Внимательно всматриваюсь, но ничего подозрительного не замечаю.
— Что тут, Павлуша? — спрашиваю.
Аникин молча отклоняет куст шиповника, и я невольно холодею. К малоприметной черной нитке нашего провода подсоединен немецкий двухпроводный кабель.
Хотя я без году неделя связист, но понимаю, что это означает. Снимаю с плеча винтовку и досылаю патрон в канал ствола.
Аникин осторожно вытягивает замаскированный дерном кабель. Чуть пригнувшись, идет вперед.
Кабель змеей скользит у Аникина между пальцев и приводит нас к оврагу. Густой дубняк так разросся, что сквозь путаницу ветвей едва виднеется небо. Сумрачно. Прохладно. Тянет сыростью.
Мы уже не идем, а ползем по-пластунски. Нервы напряжены. Что ждет нас за тем вон молчаливым кустом ольшаника? Не загремит ли из бурелома автоматная очередь?
Но что это? Вдруг — здесь уж не обойдешься без «вдруг» — улавливаю приглушенный голос. Замираю, будто к земле меня пригвоздили. Обостренный слух различает всего несколько слов, но и этого достаточно.
Аникин тоже слышит чужую речь и ободряюще касается моего плеча. Не робей, мол, Ваня. Потом дает мне знак ползти вправо. Понимаю его без слов и отползаю. С двух сторон подбираемся к тому месту, откуда донесся голос. Выглядываю из-за куста. В склоне оврага что-то вроде пещеры. Рядом два немца. Один, упитанный, широкоплечий, стоит на коленях у портативной радиостанции. Лицо у него спокойное, я бы сказал, даже красивое. Второй, щуплый, в круглых роговых очках, полулежит на плащ-палатке. Возле уха телефонная трубка. Карандаш бегает по блокноту.
Все понятно: один подслушивает, второй передает по рации.
Не раз схватывался я в бою с немецкими солдатами, но наблюдать за ними вот так, в нескольких шагах, пришлось впервые. Я с ненавистью смотрю на телефониста. Ничего, больше подслушивать не будешь!
Встречаюсь взглядом с Аникиным. Он кивает: тянуть нечего. Берем!
В следующее мгновение дико кричим: «Хенде хох!»
Немцы вздрагивают, испуганно смотрят на нас. Лица мертвенно-бледные. Телефонист роняет на траву блокнот, тянет вверх руки. В горле у него что-то булькает. Нижняя губа трясется.
Направляю винтовку на радиста и повторяю: «Хенде хох!»

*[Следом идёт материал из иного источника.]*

(* Let $(x_j,y_j)\in[0,1]^2$, $1\le j\le 10$, be ten points such that the ten singleton sets $S_j=\{(x_j,y_j)\}$ are $\nu$-transverse for some $\nu>0$. Let $V_j\subset\mathbb{R}^5$ be the plane spanned by $n_j=(1,0,2x_j,0,y_j)$ and $m_j=(0,1,0,2y_j,x_j)$, and let $\pi_j$ be the orthogonal projection onto $V_j$. Then for every linear subspace $V\subset\mathbb{R}^5$, $$\dim V\le \frac14\sum_{j=1}^{10}\dim(\pi_j(V)).$$
   Context: For $u=(u_1,\dots,u_5),v=(v_1,\dots,v_5)\in\mathbb{R}^5$ define $Q_{u,v}(x,y)=2x^2(v_3u_5-v_5u_3)+2y^2(v_5u_4-v_4u_5)+4xy(v_3u_4-v_4u_3)+2x(v_3u_2-v_2u_3)+2y(v_5u_2-v_2u_5)+v_1u_2-v_2u_1$. Ten sets $S_1,\dots,S_{10}\subset[0,1]^2$ are $\nu$-transverse if: (i) for all pairwise distinct $i,j,k\in\{1,\dots,10\}$ and all $(x_i,y_i)\in S_i,(x_j,y_j)\in S_j,(x_k,y_k)\in S_k$ there is a permutation $\pi$ of $\{i,j,k\}$ with $|(y_{\pi(j)}-y_{\pi(i)})[(x_{\pi(j)}-x_{\pi(i)})(y_{\pi(k)}-y_{\pi(i)})-(x_{\pi(k)}-x_{\pi(i)})(y_{\pi(j)}-y_{\pi(i)})]|\ge\nu$; and (ii) for all pairwise distinct $i_1,\dots,i_5\in\{1,\dots,10\}$ and all $(x_j,y_j)\in S_{i_j}$ ($1\le j\le 5$), $\inf_{u,v,w}\max_{1\le j\le5}(|Q_{u,v}(x_j,y_j)|+|Q_{u,w}(x_j,y_j)|)\ge\nu$, the infimum over all orthonormal triples $(u,v,w)$ in $\mathbb{R}^5$. *)

theory Defs
  imports "HOL-Analysis.Analysis"
begin

definition Qpoly :: "real^5 \<Rightarrow> real^5 \<Rightarrow> real \<Rightarrow> real \<Rightarrow> real" where
  "Qpoly u v x y =
     2 * x^2 * (v$3 * u$5 - v$5 * u$3) + 2 * y^2 * (v$5 * u$4 - v$4 * u$5)
     + 4 * x * y * (v$3 * u$4 - v$4 * u$3) + 2 * x * (v$3 * u$2 - v$2 * u$3)
     + 2 * y * (v$5 * u$2 - v$2 * u$5) + v$1 * u$2 - v$2 * u$1"

definition orthonormal_triple :: "real^5 \<Rightarrow> real^5 \<Rightarrow> real^5 \<Rightarrow> bool" where
  "orthonormal_triple u v w \<longleftrightarrow>
     norm u = 1 \<and> norm v = 1 \<and> norm w = 1 \<and> u \<bullet> v = 0 \<and> u \<bullet> w = 0 \<and> v \<bullet> w = 0"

— Капут, фриц! — сквозь зубы добавляет Аникин. — Кончай базар!
Радист набычился. Не понимает, что ли, чего от него требуют? Неожиданно вскакивает и, ломая кусты, бросается вниз по склону оврага.
Стреляет Аникин. Стреляю и я. Беглец падает.
Собираюсь по-немецки спросить у телефониста, когда они перешли линию фронта и где именно. Уже подобрав нужные слова, соображаю: немецкий сейчас совершенно ни к чему. Как бы он мог подслушивать, если бы не понимал по-русски?
Телефонист поминутно косится на своего убитого напарника.
Вытянув руки по швам, говорит, что пришли они прошлой ночью. Замаскировали кабель, выкопали нору от дождя. Рассчитывали пробыть тут несколько дней, но вышла осечка…
— Брось, Ваня, с ним растабаривать, — угрюмо оборвал Аникин. — В штабе лучше нашего разберутся, врет он или правду говорит. Пошли!
Сложил я на плащ-палатку все, что в хозяйстве у немцев имелось: рацию, телефонный аппарат, два автомата, несколько гранат на длинных деревянных ручках…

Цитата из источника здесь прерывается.